Being a journalist for two decades, I knew enough about building websites and the back end of content management systems to be afraid.

Afraid for my time and sanity, that is.

Developing a consumer product, brand and business plan required enough work (on top of my regular life as an editor, mother and wife). I knew that I didn’t really have enough time to learn how to build a website from scratch and then actually do it.

Designer Drawing Website Development WireframeAt first, I hired a former colleague to build my website. But very quickly, I realized how expensive it was going to be if I didn’t just do it myself.

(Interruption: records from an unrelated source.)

definition fs_avg_cost ::
  "nat \<Rightarrow> (nat \<Rightarrow> real) \<Rightarrow> (nat \<Rightarrow> real) \<Rightarrow> (fs_state \<Rightarrow> nat pmf) \<Rightarrow> nat \<Rightarrow> real" where
  "fs_avg_cost M phi p mu T =
     (1 / real T) * (\<Sum>t<T. measure_pmf.expectation (fs_state_dist M p mu t) (fs_cost M phi))"

definition fs_J ::
  "nat \<Rightarrow> (nat \<Rightarrow> real) \<Rightarrow> (nat \<Rightarrow> real) \<Rightarrow> (fs_state \<Rightarrow> nat pmf) \<Rightarrow> real" where
  "fs_J M phi p mu = lim (fs_avg_cost M phi p mu)"

definition order_policy :: "nat \<Rightarrow> nat \<Rightarrow> fs_state \<Rightarrow> nat pmf" where
  "order_policy M G = (\<lambda>_. map_pmf (\<lambda>xs. Max (set xs)) (replicate_pmf G (pmf_of_set {1..M})))"

end

theory Submission
  imports Defs
begin

text \<open>A policy that ignores the state and draws its action from a fixed distribution A makes
  every counter n_i a chain that grows by one with probability c_i = (1 - A{i}) (1 - p_i) and is
  reset otherwise. Hence E[n_i^t] = c_i/(1 - c_i) (1 - c_i^t), and the Cesaro averages of the
  expected cost converge to the sum of phi_i c_i/(1 - c_i). For the largest-order-statistic
  policy, A{i} = (i^G - (i - 1)^G)/M^G is the probability that the maximum of G uniform draws
  equals i.

  For the limit in M, these probabilities are at most G/M, the odds c/(1 - c) move by at most
  (1 - p)/p^2 times that amount away from their value (1 - p)/p at A{i} = 0, and the weights
  sigma^(M - i) sum to at most 1/(1 - sigma). So J differs from (1 - p)/p (1 - sigma^M)/(1 - sigma)
  by O(1/M).\<close>

lemma emeasure_replicate_pmf_set_subset:
  "emeasure (replicate_pmf n P) {xs. set xs \<subseteq> A} = emeasure P A ^ n"
proof (induction n)
  case 0
  then show ?case by simp
next
  case (Suc n)
  let ?S = "{xs. set xs \<subseteq> A}"
  have "emeasure (replicate_pmf (Suc n) P) ?S =
        (\<integral>\<^sup>+x. \<integral>\<^sup>+xs. indicator A x * indicator ?S xs \<partial>replicate_pmf n P \<partial>P)"
    by (simp add: indicator_def of_bool_conj)
  also have "\<dots> = (\<integral>\<^sup>+x. emeasure (replicate_pmf n P) ?S * indicator A x \<partial>P)"
    by (simp add: nn_integral_cmult mult.commute)
  also have "\<dots> = emeasure P A * emeasure (replicate_pmf n P) ?S"
    by (simp add: nn_integral_multc mult.commute)
  finally show ?case
    using Suc by simp
qed

lemma measure_replicate_pmf_set_subset:
  "measure (replicate_pmf n P) {xs. set xs \<subseteq> A} = measure P A ^ n"
  using emeasure_replicate_pmf_set_subset[of n P A]
  by (simp add: measure_pmf.emeasure_eq_measure ennreal_power)

lemma pmf_Max_replicate_pmf_of_set:
  assumes n: "n \<ge> 1" and i: "i \<in> {1..M}"
  shows "pmf (map_pmf (\<lambda>xs. Max (set xs)) (replicate_pmf n (pmf_of_set {1..M}))) i
         = (real i ^ n - real (i - 1) ^ n) / real M ^ n"
proof -
  let ?U = "pmf_of_set {1..M::nat}"
  let ?R = "replicate_pmf n ?U"
  let ?below = "\<lambda>B. {xs. set xs \<subseteq> B}"
  have U: "measure ?U {..k} = real k / real M" if "k \<le> M" for k
  proof -
    have "{1..M} \<inter> {..k} = {1..k}" using that by auto
    then show ?thesis using i that by (simp add: measure_pmf_of_set min_absorb2)
  qed
  have nonempty: "xs \<noteq> []" if "xs \<in> set_pmf ?R" for xs
    using that n i by (auto simp: set_replicate_pmf)
  have Max_eq: "Max (set xs) = i \<longleftrightarrow> xs \<in> ?below {..i} - ?below {..i - 1}" if "xs \<noteq> []" for xs
  proof -
    have "set xs \<subseteq> {..k} \<longleftrightarrow> Max (set xs) \<le> k" for k
      using that by (subst Max_le_iff) auto
    then show ?thesis
      using i by (simp only: mem_Collect_eq Diff_iff) arith
  qed
  have "pmf (map_pmf (\<lambda>xs. Max (set xs)) ?R) i = measure ?R ({xs. Max (set xs) = i} \<inter> set_pmf ?R)"
    by (simp add: pmf_map vimage_def measure_Int_set_pmf)
  also have "{xs. Max (set xs) = i} \<inter> set_pmf ?R = (?below {..i} - ?below {..i - 1}) \<inter> set_pmf ?R"
    using Max_eq nonempty by blast
  also have "measure ?R \<dots> = measure ?R (?below {..i} - ?below {..i - 1})"
    by (rule measure_Int_set_pmf)
  also have "\<dots> = measure ?R (?below {..i}) - measure ?R (?below {..i - 1})"
    by (rule measure_pmf.finite_measure_Diff) auto
  also have "\<dots> = (real i / real M) ^ n - (real (i - 1) / real M) ^ n"
    using i U[of i] U[of "i - 1"] by (auto simp: measure_replicate_pmf_set_subset simp del: of_nat_diff)
  finally show ?thesis
    by (simp add: power_divide diff_divide_distrib)
qed
theorem in_S_inf_product_weights_iff:
  assumes "C \<noteq> 0" "is_product_weights \<gamma> g"
  shows "in_S_inf C \<gamma> \<longleftrightarrow> summable g"
proof -
  have g: "\<And>j. 0 \<le> g j" and \<gamma>: "\<And>u. u \<in> U_inf \<Longrightarrow> \<gamma> u = 1 * (\<Prod>j\<in>u. g j)"
    using assms(2) unfolding is_product_weights_def by auto
  show ?thesis
  proof
    show "in_S_inf C \<gamma> \<Longrightarrow> summable g"
      by (rule summable_if_in_S_inf[where \<Gamma> = "\<lambda>_. 1", OF _ assms(1) _ \<gamma>]) simp_all
  next
    assume "summable g"
    let ?S = "\<Sum>j. (C\<^sup>2 * g j) powr (1 / 1)"
    have "summable (\<lambda>k. (?S powr 1) ^ k * fact k powr (0 - 1))"
      using summable_power_mult_fact_powr_neg[of "?S powr 1" 1] by simp
    then show "in_S_inf C \<gamma>"
      using \<open>summable g\<close> g
      by (intro in_S_inf_if_summable_powr[where \<Gamma> = "\<lambda>_. 1" and Ca = 1 and a = 0 and b = 1, OF \<gamma>])
        simp_all
  qed
qed

theorem in_S_inf_POD_weights_iff:
  assumes "C \<noteq> 0" "is_POD_weights \<gamma> \<Gamma> g a Ca" "ereal a < decay g" "0 < \<Gamma> 1"
  shows "in_S_inf C \<gamma> \<longleftrightarrow> summable g"
proof
  have g: "\<And>j. 0 \<le> g j" and a: "0 < a" and \<Gamma>: "\<And>k. 0 \<le> \<Gamma> k" "\<And>k. \<Gamma> k \<le> Ca * fact k powr a"
    and \<gamma>: "\<And>u. u \<in> U_inf \<Longrightarrow> \<gamma> u = \<Gamma> (card u) * (\<Prod>j\<in>u. g j)"
    using assms(2) unfolding is_POD_weights_def by auto
  show "in_S_inf C \<gamma> \<Longrightarrow> summable g"
    using assms(4) by (intro summable_if_in_S_inf[OF _ assms(1) _ \<gamma>]) auto
  assume "summable g"
  obtain \<tau> where "a < \<tau>" and summable_\<tau>: "summable (\<lambda>j. g j powr (1 / \<tau>))"
    using assms(3) a by (auto elim: less_decayE)
  \<comment> \<open>The comparison needs \<open>b \<ge> 1\<close>; if \<open>\<tau> \<le> 1\<close>, the hypothesis \<open>summable g\<close> covers \<open>b = 1\<close>.\<close>
  define b where "b = max 1 \<tau>"
  have "summable (\<lambda>j. g j powr (1 / b))"
    using \<open>summable g\<close> summable_\<tau> g by (simp add: b_def max_def)
  then have "summable (\<lambda>j. (C\<^sup>2) powr (1 / b) * g j powr (1 / b))"
    by (rule summable_mult)
  then have summable_b: "summable (\<lambda>j. (C\<^sup>2 * g j) powr (1 / b))"
    using g by (simp add: powr_mult)
  let ?S = "\<Sum>j. (C\<^sup>2 * g j) powr (1 / b)"
  have "summable (\<lambda>k. (?S powr b) ^ k * fact k powr (- (b - a)))"
    using \<open>a < \<tau>\<close> by (intro summable_power_mult_fact_powr_neg) (auto simp: b_def)
  then show "in_S_inf C \<gamma>"
    by (intro in_S_inf_if_summable_powr[OF \<gamma> g \<Gamma> _ summable_b]) (auto simp: b_def)
qed

theorem in_S_inf_POD_weights_if_suminf_less_1:
  assumes "is_POD_weights \<gamma> \<Gamma> g a Ca" "1 \<le> a"
    and summable_a: "summable (\<lambda>j. (C\<^sup>2 * g j) powr (1 / a))"
    and less_1: "(\<Sum>j. (C\<^sup>2 * g j) powr (1 / a)) < 1"
  shows "in_S_inf C \<gamma>"
proof -
  have g: "\<And>j. 0 \<le> g j" and \<Gamma>: "\<And>k. 0 \<le> \<Gamma> k" "\<And>k. \<Gamma> k \<le> Ca * fact k powr a"
    and \<gamma>: "\<And>u. u \<in> U_inf \<Longrightarrow> \<gamma> u = \<Gamma> (card u) * (\<Prod>j\<in>u. g j)"
    using assms(1) unfolding is_POD_weights_def by auto
  let ?S = "\<Sum>j. (C\<^sup>2 * g j) powr (1 / a)"
  have "0 \<le> ?S"
    using summable_a by (intro suminf_nonneg) auto
  then have "?S powr a < 1"
    using powr_less_mono2[of a ?S 1] less_1 assms(2) by simp
  then have "summable (\<lambda>k. (?S powr a) ^ k * fact k powr (a - a))"
    by (simp add: summable_geometric)
  with \<gamma> g \<Gamma> assms(2) summable_a show ?thesis
    by (rule in_S_inf_if_summable_powr)
qed

theorem in_S_inf_finite_order_weights_iff:
  assumes "C \<noteq> 0" "is_finite_order_weights \<gamma> \<omega>"
  shows "in_S_inf C \<gamma> \<longleftrightarrow> \<gamma> summable_on U_inf"
proof -
  have \<gamma>: "\<And>u. u \<in> U_inf \<Longrightarrow> 0 \<le> \<gamma> u"
    and vanish: "\<And>u. u \<in> U_inf \<Longrightarrow> \<omega> < card u \<Longrightarrow> \<gamma> u = 0"
    using assms(2) unfolding is_finite_order_weights_def by auto
  define m M where "m = min 1 (C\<^sup>2) ^ \<omega>" and "M = max 1 (C\<^sup>2) ^ \<omega>"
  have "m \<le> C ^ (2 * card u) \<and> C ^ (2 * card u) \<le> M" if "card u \<le> \<omega>" for u
  proof -
    have "m \<le> min 1 (C\<^sup>2) ^ card u" "max 1 (C\<^sup>2) ^ card u \<le> M"
      unfolding m_def M_def using assms(1) that by (auto intro: power_decreasing power_increasing)
    moreover have "min 1 (C\<^sup>2) ^ card u \<le> (C\<^sup>2) ^ card u" "(C\<^sup>2) ^ card u \<le> max 1 (C\<^sup>2) ^ card u"
      by (auto intro: power_mono)
    ultimately show ?thesis
      by (simp add: power_mult)
  qed
  then have lower: "m * \<gamma> u \<le> C ^ (2 * card u) * \<gamma> u"
    and upper: "C ^ (2 * card u) * \<gamma> u \<le> M * \<gamma> u" if "u \<in> U_inf" for u
    using that \<gamma> vanish by (cases "card u \<le> \<omega>"; force intro: mult_right_mono)+
  have "0 < m"
    using assms(1) by (simp add: m_def)
  show ?thesis
    unfolding in_S_inf_def
  proof
    assume "(\<lambda>u. C ^ (2 * card u) * \<gamma> u) summable_on U_inf"
    then have "(\<lambda>u. (1 / m) * (C ^ (2 * card u) * \<gamma> u)) summable_on U_inf"
      by (rule summable_on_cmult_right)
    then show "\<gamma> summable_on U_inf"
      by (rule summable_on_comparison_test) (use lower \<gamma> \<open>0 < m\<close> in \<open>auto simp: field_simps\<close>)
  next
    assume "\<gamma> summable_on U_inf"
    then have "(\<lambda>u. M * \<gamma> u) summable_on U_inf"
      by (rule summable_on_cmult_right)
    then show "(\<lambda>u. C ^ (2 * card u) * \<gamma> u) summable_on U_inf"
      by (rule summable_on_comparison_test) (use upper \<gamma> in \<open>auto simp: zero_le_mult_iff zero_le_even_power\<close>)
  qed
qed

theorem mainTheorem7:
  fixes C :: real
  assumes "C > 0"
  shows "(\<forall>\<gamma> g. is_product_weights \<gamma> g \<longrightarrow> (in_S_inf C \<gamma> \<longleftrightarrow> summable g))
    \<and> (\<forall>\<gamma> \<Gamma> g a Ca. is_POD_weights \<gamma> \<Gamma> g a Ca \<longrightarrow>
         ((decay g > ereal a \<and> \<Gamma> 1 > 0 \<longrightarrow> (in_S_inf C \<gamma> \<longleftrightarrow> summable g)) \<and>
          (decay g = ereal a \<and> a \<ge> 1 \<and> summable (\<lambda>j. (C\<^sup>2 * g j) powr (1 / a)) \<and>
             (\<Sum>j. (C\<^sup>2 * g j) powr (1 / a)) < 1 \<longrightarrow> in_S_inf C \<gamma>)))
    \<and> (\<forall>\<gamma> \<omega>. \<omega> \<ge> 1 \<and> is_finite_order_weights \<gamma> \<omega> \<longrightarrow>
         (in_S_inf C \<gamma> \<longleftrightarrow> \<gamma> summable_on U_inf))"
  using assms
  by (auto simp: in_S_inf_product_weights_iff in_S_inf_POD_weights_iff
      in_S_inf_finite_order_weights_iff intro: in_S_inf_POD_weights_if_suminf_less_1)

end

And so, I scrapped that plan and jumped in–kicking and screaming the entire way.

I did most of the work on my website very late at night, after everybody else had already gone to bed. This, of course, made me very, very tired.

Have a Plan

My goal with the website was to launch a blog about makeup brushes, build some relevant traffic and then flip the site to a full consumer site when I launched the My Brush Betty Cleaning Kit.

I bought some 101-level website-building books and started doing things, quite literally, one step at at time. The hardest part of building a website wasn’t deciding what I wanted on it and where. It was everything else.

Setting up the website took a little while. In the beginning, I made a super amateur mistake by not knowing the difference between WordPress.com, a free-ish platform where you don’t get to really pick your name, and WordPress.org, where you select the website name and host.

The mistake didn’t cost me a lot of money, but it was a little bit of a time inconvenience to get back on track. And it did cost a little money, as every mistake does. Ultimately, I ended up following Andy Williams’ Websites for Beginners to set up my site. If I had to set it up again, I would have to return to this book and follow the directions all over again. It’s a process that I’m sure is very easy if you set up websites all day long. If you aren’t using it regularly, it’s like navigating a maze.

These early set-up decisions, I learned in Andy’s book, were important because they can affect your site’s SEO, and I knew I wanted to start building those Google connection points and pathways before my product launch, which would make it easier to reach customers when I launched.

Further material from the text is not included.